Description of the task :: Starting at the top of the listing below, copy each line exactly, stopping after the line that contains "ar A \<longleftrightarrow>".

Input for this task ::
(* Let $n\ge1$ and let $\mathcal V$ be a variety with $n+2$ Gumm terms. Then $\mathcal V$ satisfies $$\alpha(\beta\circ\gamma\circ\beta\circ\gamma\circ\beta)\subseteq(\alpha\beta\circ_{4n-1}\alpha\gamma)\circ\alpha(\gamma\circ\beta)\circ(\alpha\gamma\circ_{2n}\alpha\beta),$$ and consequently $\mathcal V$ satisfies $\alpha(\beta\circ\alpha\gamma\circ\beta\circ\alpha\gamma\circ\beta)\subseteq\alpha\beta\circ_{6n+1}\alpha\gamma$.
   Context: Here $\alpha,\beta,\gamma$ range over congruences of algebras in $\mathcal V$. $\circ$ is relational composition, juxtaposition is intersection. For relations $X,Y$ and $m\ge1$, $X\circ_m Y$ denotes $X\circ Y\circ X\circ\cdots$ with $m$ factors. A variety has $n+2$ Gumm terms if it has ternary terms $p,j_1,\dots,j_{n+1}$ satisfying: $x=j_i(x,y,x)$ for all $i$; $x=p(x,z,z)$; $p(x,x,z)=j_1(x,x,z)$; $j_i(x,z,z)=j_{i+1}(x,z,z)$ for odd $i\le n$; $j_i(x,x,z)=j_{i+1}(x,x,z)$ for even $i\le n$; $j_{n+1}(x,y,z)=z$. *)

theory Defs
  imports Main
begin

datatype 'f trm = Var nat | Fun 'f "'f trm list"

fun wf_trm :: "('f \<Rightarrow> nat) \<Rightarrow> 'f trm \<Rightarrow> bool" where
  "wf_trm ar (Var i) = True"
| "wf_trm ar (Fun f ts) = (length ts = ar f \<and> (\<forall>t\<in>set ts. wf_trm ar t))"

fun vars_trm :: "'f trm \<Rightarrow> nat set" where
  "vars_trm (Var i) = {i}"
| "vars_trm (Fun f ts) = (\<Union>t\<in>set ts. vars_trm t)"

type_synonym ('a, 'f) alg = "'a set \<times> ('f \<Rightarrow> 'a list \<Rightarrow> 'a)"

definition carrier :: "('a, 'f) alg \<Rightarrow> 'a set" where
  "carrier A = fst A"

definition op :: "('a, 'f) alg \<Rightarrow> 'f \<Rightarrow> 'a list \<Rightarrow> 'a" where
  "op A = snd A"

definition algebra :: "('f \<Rightarrow> nat) \<Rightarrow> ('a, 'f) alg \<Rightarrow> bool" where
  "algebra ar A \<longleftrightarrow>
     (\<forall>f xs. length xs = ar f \<longrightarrow> set xs \<subseteq> carrier A \<longrightarrow> op A f xs \<in> carrier A)"

fun eval :: "('a, 'f) alg \<Rightarrow> (nat \<Rightarrow> 'a) \<Rightarrow> 'f trm \<Rightarrow> 'a" where
  "eval A \<rho> (Var i) = \<rho> i"
| "eval A \<rho> (Fun f ts) = op A f (map (eval A \<rho>) ts)"

definition satisfies :: "('a, 'f) alg \<Rightarrow> 'f trm \<Rightarrow> 'f trm \<Rightarrow> bool" where
  "satisfies A s t \<longleftrightarrow> (\<forall>\<rho>. range \<rho> \<subseteq> carrier A \<longrightarrow> eval A \<rho> s = eval A \<rho> t)"

text \<open>A variety (of algebras of signature ar, with carriers in the type 'a) is an
  equational class: the class of all algebras satisfying a set E of identities (Birkhoff).\<close>

definition variety :: "('f \<Rightarrow> nat) \<Rightarrow> ('a, 'f) alg set \<Rightarrow> bool" where
  "variety ar V \<longleftrightarrow>
     (\<exists>E :: ('f trm \<times> 'f trm) set.
        (\<forall>(s,t)\<in>E. wf_trm ar s \<and> wf_trm ar t) \<and>
        V = {A. algebra ar A \<and> (\<forall>(s,t)\<in>E. satisfies A s t)})"

definition tern :: "('a, 'f) alg \<Rightarrow> 'f trm \<Rightarrow> 'a \<Rightarrow> 'a \<Rightarrow> 'a \<Rightarrow> 'a" where
  "tern A t a b c = eval A (\<lambda>i. if i = 0 then a else if i = 1 then b else c) t"

definition ternary_trm :: "('f \<Rightarrow> nat) \<Rightarrow> 'f trm \<Rightarrow> bool" where
  "ternary_trm ar t \<longleftrightarrow> wf_trm ar t \<and> vars_trm t \<subseteq> {0, 1, 2}"

definition has_gumm_terms :: "('f \<Rightarrow> nat) \<Rightarrow> ('a, 'f) alg set \<Rightarrow> nat \<Rightarrow> bool" where
  "has_gumm_terms ar V n \<longleftrightarrow>
    (\<exists>p (j :: nat \<Rightarrow> 'f trm).
       ternary_trm ar p \<and> (\<forall>i\<in>{1..n+1}. ternary_trm ar (j i)) \<and>
       (\<forall>A\<in>V. \<forall>x\<in>carrier A. \<forall>y\<in>carrier A. \<forall>z\<in>carrier A.
          (\<forall>i\<in>{1..n+1}. tern A (j i) x y x = x) \<and>
          tern A p x z z = x \<and>
          tern A p x x z = tern A (j 1) x x z \<and>
          (\<forall>i\<in>{1..n}. odd i \<longrightarrow> tern A (j i) x z z = tern A (j (i+1)) x z z) \<and>
          (\<forall>i\<in>{1..n}. even i \<longrightarrow> tern A (j i) x x z = tern A (j (i+1)) x x z) \<and>
          tern A (j (n+1)) x y z = z))"

definition congruence :: "('f \<Rightarrow> nat) \<Rightarrow> ('a, 'f) alg \<Rightarrow> 'a rel \<Rightarrow> bool" where
  "congruence ar A \<theta> \<longleftrightarrow>
     equiv (carrier A) \<theta> \<and>
     (\<forall>f xs ys. length xs = ar f \<longrightarrow> length ys = ar f \<longrightarrow>
        set xs \<subseteq> carrier A \<longrightarrow> set ys \<subseteq> carrier A \<longrightarrow>
        list_all2 (\<lambda>a b. (a, b) \<in> \<theta>) xs ys \<longrightarrow> (op A f xs, op A f ys) \<in> \<theta>)"

fun alt_comp :: "'a rel \<Rightarrow> 'a rel \<Rightarrow> nat \<Rightarrow> 'a rel" where
  "alt_comp X Y 0 = Id"
| "alt_comp X Y (Suc 0) = X"
| "alt_comp X Y (Suc (Suc k)) = X O alt_comp Y X (Suc k)"

end

theory Submission
  imports Defs
begin

text \<open>
  Let \<open>a \<alpha> f\<close> and \<open>a \<beta> b \<gamma> c \<beta> d \<gamma> e \<beta> f\<close>. Since \<open>j\<^sub>i(x, y, x) = x\<close>, every element
  \<open>j\<^sub>i(f, w, a)\<close> lies in the \<open>\<alpha>\<close>-class of \<open>f\<close>, so moving \<open>w\<close> along \<open>b \<gamma> c \<beta> d \<gamma> e\<close> inside
  one \<open>j\<^sub>i\<close> gives steps in \<open>\<alpha>\<gamma>\<close> and \<open>\<alpha>\<beta>\<close>; the Gumm identities let us pass from \<open>j\<^sub>i\<^sub>+\<^sub>1\<close> to
  \<open>j\<^sub>i\<close> at whichever of \<open>b, e\<close> is \<open>\<beta>\<close>-related to the point \<open>a\<close> or \<open>f\<close> where they agree.
  This leads from \<open>a = j\<^sub>n\<^sub>+\<^sub>1(f, w, a)\<close> down to \<open>m = j\<^sub>1(f, c, a)\<close>. With \<open>u = j\<^sub>1(e, d, b)\<close>
  and \<open>v = p(e, d, c)\<close> we have \<open>m \<beta> u \<gamma> v \<beta> f\<close>, hence \<open>m \<gamma> p(m, u, v) \<beta> j\<^sub>1(m, u, f) = t\<close>,
  and the same argument in the \<open>\<alpha>\<close>-class of \<open>m\<close>, alternating \<open>u\<close> and \<open>v\<close>, leads from \<open>t\<close>
  up to \<open>j\<^sub>n\<^sub>+\<^sub>1(m, u, f) = f\<close>. If \<open>\<gamma>\<close> is replaced by \<open>\<alpha>\<gamma>\<close>, the middle step
  \<open>\<alpha>(\<alpha>\<gamma> \<circ> \<beta>)\<close> collapses into \<open>\<alpha>\<gamma> \<circ> \<alpha>\<beta>\<close>, which gives the second inclusion.
\<close>

lemma alt_comp_odd: "alt_comp X Y (Suc (2 * k)) = X O (Y O X) ^^ k"
proof (induction k arbitrary: X Y)
  case 0
  show ?case by simp
next
  case (Suc k)
  have "alt_comp X Y (Suc (2 * Suc k)) = X O Y O alt_comp X Y (Suc (2 * k))"
    by (simp add: O_assoc)
  also have "\<dots> = X O (Y O X) ^^ Suc k"
    by (simp add: Suc.IH relpow_commute[symmetric] O_assoc)
  finally show ?case .
qed

lemma alt_comp_even: "alt_comp X Y (2 * k) = (X O Y) ^^ k"
proof (cases k)
  case (Suc k')
  then have "alt_comp X Y (2 * k) = X O Y O (X O Y) ^^ k'"
    by (simp add: alt_comp_odd O_assoc)
  then show ?thesis
    using Suc by (simp add: relpow_commute[symmetric] O_assoc)
qed simp

lemma Int_relcomp_absorb:
  assumes "sym \<alpha>" and "trans \<alpha>"
  shows "\<alpha> \<inter> ((\<alpha> \<inter> \<gamma>) O \<beta>) \<subseteq> (\<alpha> \<inter> \<gamma>) O (\<alpha> \<inter> \<beta>)"
  using assms by (blast dest: symD transD)

locale gumm_terms =
  fixes C :: "'a set" and p :: "'a \<Rightarrow> 'a \<Rightarrow> 'a \<Rightarrow> 'a"
    and j :: "nat \<Rightarrow> 'a \<Rightarrow> 'a \<Rightarrow> 'a \<Rightarrow> 'a" and n :: nat
  assumes j_xyx: "\<lbrakk>i \<in> {1..n+1}; x \<in> C; y \<in> C\<rbrakk> \<Longrightarrow> j i x y x = x"
    and p_xzz: "\<lbrakk>x \<in> C; z \<in> C\<rbrakk> \<Longrightarrow> p x z z = x"
    and p_xxz: "\<lbrakk>x \<in> C; z \<in> C\<rbrakk> \<Longrightarrow> p x x z = j 1 x x z"
    and j_odd: "\<lbrakk>i \<in> {1..n}; odd i; x \<in> C; z \<in> C\<rbrakk> \<Longrightarrow> j i x z z = j (Suc i) x z z"
    and j_even: "\<lbrakk>i \<in> {1..n}; even i; x \<in> C; z \<in> C\<rbrakk> \<Longrightarrow> j i x x z = j (Suc i) x x z"
    and j_last: "\<lbrakk>x \<in> C; y \<in> C; z \<in> C\<rbrakk> \<Longrightarrow> j (Suc n) x y z = z"
begin

definition compatible :: "'a rel \<Rightarrow> bool" where
  "compatible \<theta> \<longleftrightarrow> equiv C \<theta> \<and>
     (\<forall>x x' y y' z z'. (x, x') \<in> \<theta> \<longrightarrow> (y, y') \<in> \<theta> \<longrightarrow> (z, z') \<in> \<theta> \<longrightarrow>
        (p x y z, p x' y' z') \<in> \<theta> \<and> (\<forall>i \<in> {1..n+1}. (j i x y z, j i x' y' z') \<in> \<theta>))"

lemma compatible_field: "\<lbrakk>compatible \<theta>; (x, y) \<in> \<theta>\<rbrakk> \<Longrightarrow> x \<in> C \<and> y \<in> C"
  unfolding compatible_def equiv_def by blast

lemma compatible_refl: "\<lbrakk>compatible \<theta>; x \<in> C\<rbrakk> \<Longrightarrow> (x, x) \<in> \<theta>"
  unfolding compatible_def equiv_def by (blast dest: refl_onD)

lemma compatible_sym: "\<lbrakk>compatible \<theta>; (x, y) \<in> \<theta>\<rbrakk> \<Longrightarrow> (y, x) \<in> \<theta>"
  unfolding compatible_def equiv_def by (blast dest: symD)

lemma compatible_trans: "\<lbrakk>compatible \<theta>; (x, y) \<in> \<theta>; (y, z) \<in> \<theta>\<rbrakk> \<Longrightarrow> (x, z) \<in> \<theta>"
  unfolding compatible_def equiv_def by (blast dest: transD)

lemma compatible_p:
  "\<lbrakk>compatible \<theta>; (x, x') \<in> \<theta>; (y, y') \<in> \<theta>; (z, z') \<in> \<theta>\<rbrakk> \<Longrightarrow> (p x y z, p x' y' z') \<in> \<theta>"
  unfolding compatible_def by blast

lemma compatible_j:
  "\<lbrakk>compatible \<theta>; i \<in> {1..n+1}; (x, x') \<in> \<theta>; (y, y') \<in> \<theta>; (z, z') \<in> \<theta>\<rbrakk>
    \<Longrightarrow> (j i x y z, j i x' y' z') \<in> \<theta>"
  unfolding compatible_def by blast

lemma compatible_Int: "\<lbrakk>compatible \<alpha>; compatible \<gamma>\<rbrakk> \<Longrightarrow> compatible (\<alpha> \<inter> \<gamma>)"
  unfolding compatible_def equiv_def refl_on_def by (auto intro: sym_Int trans_Int)

lemma j_middle:
  assumes "compatible \<theta>" and "i \<in> {1..n+1}" and "x \<in> C" and "z \<in> C" and "(y, y') \<in> \<theta>"
  shows "(j i x y z, j i x y' z) \<in> \<theta>"
  using assms by (blast intro: compatible_j compatible_refl)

Your solution ::
(* Let $n\ge1$ and let $\mathcal V$ be a variety with $n+2$ Gumm terms. Then $\mathcal V$ satisfies $$\alpha(\beta\circ\gamma\circ\beta\circ\gamma\circ\beta)\subseteq(\alpha\beta\circ_{4n-1}\alpha\gamma)\circ\alpha(\gamma\circ\beta)\circ(\alpha\gamma\circ_{2n}\alpha\beta),$$ and consequently $\mathcal V$ satisfies $\alpha(\beta\circ\alpha\gamma\circ\beta\circ\alpha\gamma\circ\beta)\subseteq\alpha\beta\circ_{6n+1}\alpha\gamma$.
   Context: Here $\alpha,\beta,\gamma$ range over congruences of algebras in $\mathcal V$. $\circ$ is relational composition, juxtaposition is intersection. For relations $X,Y$ and $m\ge1$, $X\circ_m Y$ denotes $X\circ Y\circ X\circ\cdots$ with $m$ factors. A variety has $n+2$ Gumm terms if it has ternary terms $p,j_1,\dots,j_{n+1}$ satisfying: $x=j_i(x,y,x)$ for all $i$; $x=p(x,z,z)$; $p(x,x,z)=j_1(x,x,z)$; $j_i(x,z,z)=j_{i+1}(x,z,z)$ for odd $i\le n$; $j_i(x,x,z)=j_{i+1}(x,x,z)$ for even $i\le n$; $j_{n+1}(x,y,z)=z$. *)

theory Defs
  imports Main
begin

datatype 'f trm = Var nat | Fun 'f "'f trm list"

fun wf_trm :: "('f \<Rightarrow> nat) \<Rightarrow> 'f trm \<Rightarrow> bool" where
  "wf_trm ar (Var i) = True"
| "wf_trm ar (Fun f ts) = (length ts = ar f \<and> (\<forall>t\<in>set ts. wf_trm ar t))"

fun vars_trm :: "'f trm \<Rightarrow> nat set" where
  "vars_trm (Var i) = {i}"
| "vars_trm (Fun f ts) = (\<Union>t\<in>set ts. vars_trm t)"

type_synonym ('a, 'f) alg = "'a set \<times> ('f \<Rightarrow> 'a list \<Rightarrow> 'a)"

definition carrier :: "('a, 'f) alg \<Rightarrow> 'a set" where
  "carrier A = fst A"

definition op :: "('a, 'f) alg \<Rightarrow> 'f \<Rightarrow> 'a list \<Rightarrow> 'a" where
  "op A = snd A"

definition algebra :: "('f \<Rightarrow> nat) \<Rightarrow> ('a, 'f) alg \<Rightarrow> bool" where
  "algebra ar A \<longleftrightarrow>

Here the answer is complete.